What the task asks: The first line of the entries below, the line containing "fix e :: real", and every line between them should be repeated exactly, and nothing else.

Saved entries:
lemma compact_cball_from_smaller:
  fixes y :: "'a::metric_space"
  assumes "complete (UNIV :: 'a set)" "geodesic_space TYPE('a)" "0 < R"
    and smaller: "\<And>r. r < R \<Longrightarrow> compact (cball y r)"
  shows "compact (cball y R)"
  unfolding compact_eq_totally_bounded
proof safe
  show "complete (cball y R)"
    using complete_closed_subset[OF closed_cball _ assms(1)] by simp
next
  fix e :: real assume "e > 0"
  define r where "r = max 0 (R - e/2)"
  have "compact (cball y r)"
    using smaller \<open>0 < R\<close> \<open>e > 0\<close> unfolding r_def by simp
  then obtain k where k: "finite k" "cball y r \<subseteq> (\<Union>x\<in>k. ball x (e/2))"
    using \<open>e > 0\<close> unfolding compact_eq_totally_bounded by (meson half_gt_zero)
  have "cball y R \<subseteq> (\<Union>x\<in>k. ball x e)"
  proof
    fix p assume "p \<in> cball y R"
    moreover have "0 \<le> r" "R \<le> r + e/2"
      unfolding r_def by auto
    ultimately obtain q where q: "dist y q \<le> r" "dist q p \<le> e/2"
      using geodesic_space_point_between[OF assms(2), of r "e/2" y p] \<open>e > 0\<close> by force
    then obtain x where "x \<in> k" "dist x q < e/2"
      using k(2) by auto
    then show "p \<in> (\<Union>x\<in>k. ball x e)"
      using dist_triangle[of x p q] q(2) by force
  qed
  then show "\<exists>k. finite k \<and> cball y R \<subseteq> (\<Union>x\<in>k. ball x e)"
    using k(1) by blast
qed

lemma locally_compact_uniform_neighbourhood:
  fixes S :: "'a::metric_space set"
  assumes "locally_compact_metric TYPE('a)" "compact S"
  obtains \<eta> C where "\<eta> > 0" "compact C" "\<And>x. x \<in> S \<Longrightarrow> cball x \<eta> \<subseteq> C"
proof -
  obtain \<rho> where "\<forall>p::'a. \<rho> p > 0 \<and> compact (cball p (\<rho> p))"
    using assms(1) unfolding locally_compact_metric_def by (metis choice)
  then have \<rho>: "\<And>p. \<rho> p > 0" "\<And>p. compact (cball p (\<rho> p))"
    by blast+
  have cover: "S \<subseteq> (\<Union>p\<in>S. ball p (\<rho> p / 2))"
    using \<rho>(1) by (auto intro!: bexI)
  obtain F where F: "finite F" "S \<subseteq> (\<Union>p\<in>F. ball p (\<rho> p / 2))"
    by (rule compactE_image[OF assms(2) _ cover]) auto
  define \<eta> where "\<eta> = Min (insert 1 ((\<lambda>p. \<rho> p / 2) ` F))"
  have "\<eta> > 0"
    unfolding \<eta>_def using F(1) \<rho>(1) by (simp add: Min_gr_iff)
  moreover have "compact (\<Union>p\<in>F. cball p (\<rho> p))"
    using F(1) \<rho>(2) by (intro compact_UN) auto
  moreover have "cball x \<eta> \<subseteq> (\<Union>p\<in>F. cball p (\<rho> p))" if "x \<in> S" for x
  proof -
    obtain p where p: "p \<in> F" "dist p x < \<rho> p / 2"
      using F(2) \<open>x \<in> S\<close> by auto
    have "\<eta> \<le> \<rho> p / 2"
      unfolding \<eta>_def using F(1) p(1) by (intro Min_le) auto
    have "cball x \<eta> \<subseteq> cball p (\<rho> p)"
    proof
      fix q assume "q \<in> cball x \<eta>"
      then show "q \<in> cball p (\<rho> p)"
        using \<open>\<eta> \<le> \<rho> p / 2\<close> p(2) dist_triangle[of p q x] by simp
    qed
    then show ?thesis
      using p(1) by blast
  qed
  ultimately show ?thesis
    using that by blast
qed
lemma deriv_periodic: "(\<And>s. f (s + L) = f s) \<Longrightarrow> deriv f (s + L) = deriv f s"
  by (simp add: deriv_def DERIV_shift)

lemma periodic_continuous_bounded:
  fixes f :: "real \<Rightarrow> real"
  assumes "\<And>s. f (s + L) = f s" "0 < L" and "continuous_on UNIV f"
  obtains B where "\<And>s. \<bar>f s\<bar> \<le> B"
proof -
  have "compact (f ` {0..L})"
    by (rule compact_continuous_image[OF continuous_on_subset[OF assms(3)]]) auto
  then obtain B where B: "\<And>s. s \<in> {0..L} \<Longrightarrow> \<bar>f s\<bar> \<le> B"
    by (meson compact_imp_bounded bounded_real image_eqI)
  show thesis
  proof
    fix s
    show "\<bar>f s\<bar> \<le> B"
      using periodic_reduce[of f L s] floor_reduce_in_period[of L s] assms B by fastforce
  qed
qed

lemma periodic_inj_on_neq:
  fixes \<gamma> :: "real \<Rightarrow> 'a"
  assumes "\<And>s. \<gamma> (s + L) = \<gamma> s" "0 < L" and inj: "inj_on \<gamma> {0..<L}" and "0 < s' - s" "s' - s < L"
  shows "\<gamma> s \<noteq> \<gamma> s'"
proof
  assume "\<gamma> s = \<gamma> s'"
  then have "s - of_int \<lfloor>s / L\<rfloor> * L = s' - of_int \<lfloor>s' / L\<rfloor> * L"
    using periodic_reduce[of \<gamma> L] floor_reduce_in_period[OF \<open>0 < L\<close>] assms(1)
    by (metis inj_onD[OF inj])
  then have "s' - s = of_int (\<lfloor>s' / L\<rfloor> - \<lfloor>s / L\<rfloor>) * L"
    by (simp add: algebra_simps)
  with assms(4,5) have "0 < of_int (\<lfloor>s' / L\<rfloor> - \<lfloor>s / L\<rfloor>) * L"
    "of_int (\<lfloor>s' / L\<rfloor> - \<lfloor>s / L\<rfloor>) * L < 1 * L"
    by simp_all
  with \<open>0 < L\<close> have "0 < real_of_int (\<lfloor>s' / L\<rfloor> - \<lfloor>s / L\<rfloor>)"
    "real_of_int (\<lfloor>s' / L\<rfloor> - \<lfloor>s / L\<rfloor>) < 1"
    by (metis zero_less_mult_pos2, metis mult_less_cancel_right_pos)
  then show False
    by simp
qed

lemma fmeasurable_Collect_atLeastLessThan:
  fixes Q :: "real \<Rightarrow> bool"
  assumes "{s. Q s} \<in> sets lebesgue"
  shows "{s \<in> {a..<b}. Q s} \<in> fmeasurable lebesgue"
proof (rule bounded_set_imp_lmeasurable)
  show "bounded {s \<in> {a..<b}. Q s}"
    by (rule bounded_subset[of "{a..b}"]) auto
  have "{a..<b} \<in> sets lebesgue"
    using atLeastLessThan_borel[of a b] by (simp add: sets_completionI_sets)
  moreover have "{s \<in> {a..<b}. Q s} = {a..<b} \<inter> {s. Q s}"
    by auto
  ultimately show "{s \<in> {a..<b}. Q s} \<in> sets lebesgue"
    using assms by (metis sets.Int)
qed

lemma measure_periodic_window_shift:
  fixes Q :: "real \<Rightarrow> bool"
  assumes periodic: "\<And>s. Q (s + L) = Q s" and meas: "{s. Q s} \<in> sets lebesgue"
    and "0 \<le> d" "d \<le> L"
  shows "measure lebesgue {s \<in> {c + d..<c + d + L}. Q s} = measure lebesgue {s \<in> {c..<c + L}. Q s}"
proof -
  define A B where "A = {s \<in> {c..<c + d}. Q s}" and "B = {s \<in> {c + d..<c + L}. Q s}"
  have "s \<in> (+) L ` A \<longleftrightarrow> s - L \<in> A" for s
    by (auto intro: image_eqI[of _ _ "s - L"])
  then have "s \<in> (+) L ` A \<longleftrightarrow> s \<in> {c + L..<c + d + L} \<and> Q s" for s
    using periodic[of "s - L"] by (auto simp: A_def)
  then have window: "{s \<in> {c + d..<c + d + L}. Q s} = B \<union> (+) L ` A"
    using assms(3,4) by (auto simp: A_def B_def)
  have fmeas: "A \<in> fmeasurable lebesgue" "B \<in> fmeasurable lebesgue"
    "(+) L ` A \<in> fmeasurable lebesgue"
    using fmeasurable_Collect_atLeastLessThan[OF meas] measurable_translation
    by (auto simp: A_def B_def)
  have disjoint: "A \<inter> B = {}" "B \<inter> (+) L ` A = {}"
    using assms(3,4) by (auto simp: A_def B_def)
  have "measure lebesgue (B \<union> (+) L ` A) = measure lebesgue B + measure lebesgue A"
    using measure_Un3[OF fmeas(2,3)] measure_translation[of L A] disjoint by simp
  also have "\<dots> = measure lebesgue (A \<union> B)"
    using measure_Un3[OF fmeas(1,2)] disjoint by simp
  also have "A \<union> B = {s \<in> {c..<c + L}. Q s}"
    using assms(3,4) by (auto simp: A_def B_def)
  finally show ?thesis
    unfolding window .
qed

Result for this task:
lemma compact_cball_from_smaller:
  fixes y :: "'a::metric_space"
  assumes "complete (UNIV :: 'a set)" "geodesic_space TYPE('a)" "0 < R"
    and smaller: "\<And>r. r < R \<Longrightarrow> compact (cball y r)"
  shows "compact (cball y R)"
  unfolding compact_eq_totally_bounded
proof safe
  show "complete (cball y R)"
    using complete_closed_subset[OF closed_cball _ assms(1)] by simp
next
  fix e :: real assume "e > 0"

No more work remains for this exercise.